» **Exercise goal**:
Copy out again, unchanged, the listing below from the line that has "assms(1,2) by auto" through the line that has "and s0 \<delta>".
========
theorem mainTheorem15:
  fixes p q a b :: nat and x :: "nat \<Rightarrow> 'b"
  assumes "q > 1" and "p > q" and "coprime p q"
    and "a \<ge> 1"
    and "finite (range x)"
    and "pq_automatic p q x"
  shows "pq_automatic p q (\<lambda>n. x (a * n + b))"
proof -
  have q: "0 < q" "q < p" using assms(1,2) by auto
  obtain Q :: "nat set" and s0 \<delta> \<tau> where "finite Q" "s0 \<in> Q" and closed: "\<forall>s\<in>Q. \<forall>d<p. \<delta> s d \<in> Q"
    and x: "\<And>n. x n = \<tau> (foldl \<delta> s0 (rep_pq p q n))"
    using assms(6) unfolding pq_automatic_def by blast
  define s where "s n = foldl \<delta> s0 (pq_digits p q n)" for n
  have s_in: "s n \<in> Q" for n
    unfolding s_def using foldl_in_closed[OF closed pq_digits_less[OF q] \<open>s0 \<in> Q\<close>] .
  have s_rec: "s n = \<delta> (s (q * n div p)) (q * n mod p)" if "n > 0" for n
    unfolding s_def using pq_digits_step[OF q that] by simp
  define B where "B = max b (a * (p - 1))"
  define W where "W n = (\<lambda>c\<in>{..B}. s (a * n + c))" for n
  define \<Delta> where "\<Delta> f d = (\<lambda>c\<in>{..B}. \<delta> (f ((a * d + q * c) div p)) ((a * d + q * c) mod p))" for f d
  have "pq_automatic p q (\<lambda>n. \<tau> (W n b))"
  proof (rule pq_automatic_if_recursive[OF q assms(3), where S = "PiE {..B} (\<lambda>_. Q)"])
    show "finite (PiE {..B} (\<lambda>_. Q))" using \<open>finite Q\<close> by (simp add: finite_PiE)
    show "W 0 \<in> PiE {..B} (\<lambda>_. Q)" using s_in by (simp add: W_def)
    show "\<forall>f\<in>PiE {..B} (\<lambda>_. Q). \<forall>d<p. \<Delta> f d \<in> PiE {..B} (\<lambda>_. Q)"
      using closed carry_le[OF _ _ q(2)] by (auto simp: \<Delta>_def B_def PiE_iff)
    show "W n = \<Delta> (W (q * n div p)) (q * n mod p)" if "n > 0" for n
      using window_recursive[where s = s and \<delta> = \<delta> and B = B, OF assms(4) _ q(2) s_rec that refl]
      by (simp add: B_def W_def \<Delta>_def)
  qed
  moreover have "\<tau> (W n b) = x (a * n + b)" for n
    by (simp add: W_def B_def s_def x rep_pq_eq_pq_digits[OF q assms(3)])
  ultimately show ?thesis by simp
qed

end
(* T^G_L(x,y), sublists distinguished by index sets I *)
definition tutteG :: "('a, 'b) monoid_scheme \<Rightarrow> 'a list \<Rightarrow> ('c, 'd) monoid_scheme
    \<Rightarrow> 'e::comm_ring_1 \<Rightarrow> 'e \<Rightarrow> 'e" where
  "tutteG Lam L G x y =
     (\<Sum>I\<in>Pow {..<length L}.
        of_nat (mult_m Lam (sub_elems L I) G)
        * (x - 1) ^ (grank Lam (generate Lam (set L)) - grank Lam (generate Lam (sub_elems L I)))
        * (y - 1) ^ (card I - grank Lam (generate Lam (sub_elems L I))))"

definition sublist_idx :: "'a list \<Rightarrow> nat set \<Rightarrow> 'a list" where
  "sublist_idx A I = map (\<lambda>i. A ! i) (filter (\<lambda>i. i \<in> I) [0..<length A])"

(* contraction A/B: cosets of the entries of A not in B, in \<Gamma>/<B> *)
definition contr :: "('a, 'b) monoid_scheme \<Rightarrow> 'a list \<Rightarrow> nat set \<Rightarrow> 'a set list" where
  "contr \<Gamma> A I = map (\<lambda>i. generate \<Gamma> (sub_elems A I) #>\<^bsub>\<Gamma>\<^esub> (A ! i))
                     (filter (\<lambda>i. i \<notin> I) [0..<length A])"

end

theory Submission
  imports Defs
begin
========
» **Finished exercise**:
  have q: "0 < q" "q < p" using assms(1,2) by auto
  obtain Q :: "nat set" and s0 \<delta> \<tau> where "finite Q" "s0 \<in> Q" and closed: "\<forall>s\<in>Q. \<forall>d<p. \<delta> s d \<in> Q"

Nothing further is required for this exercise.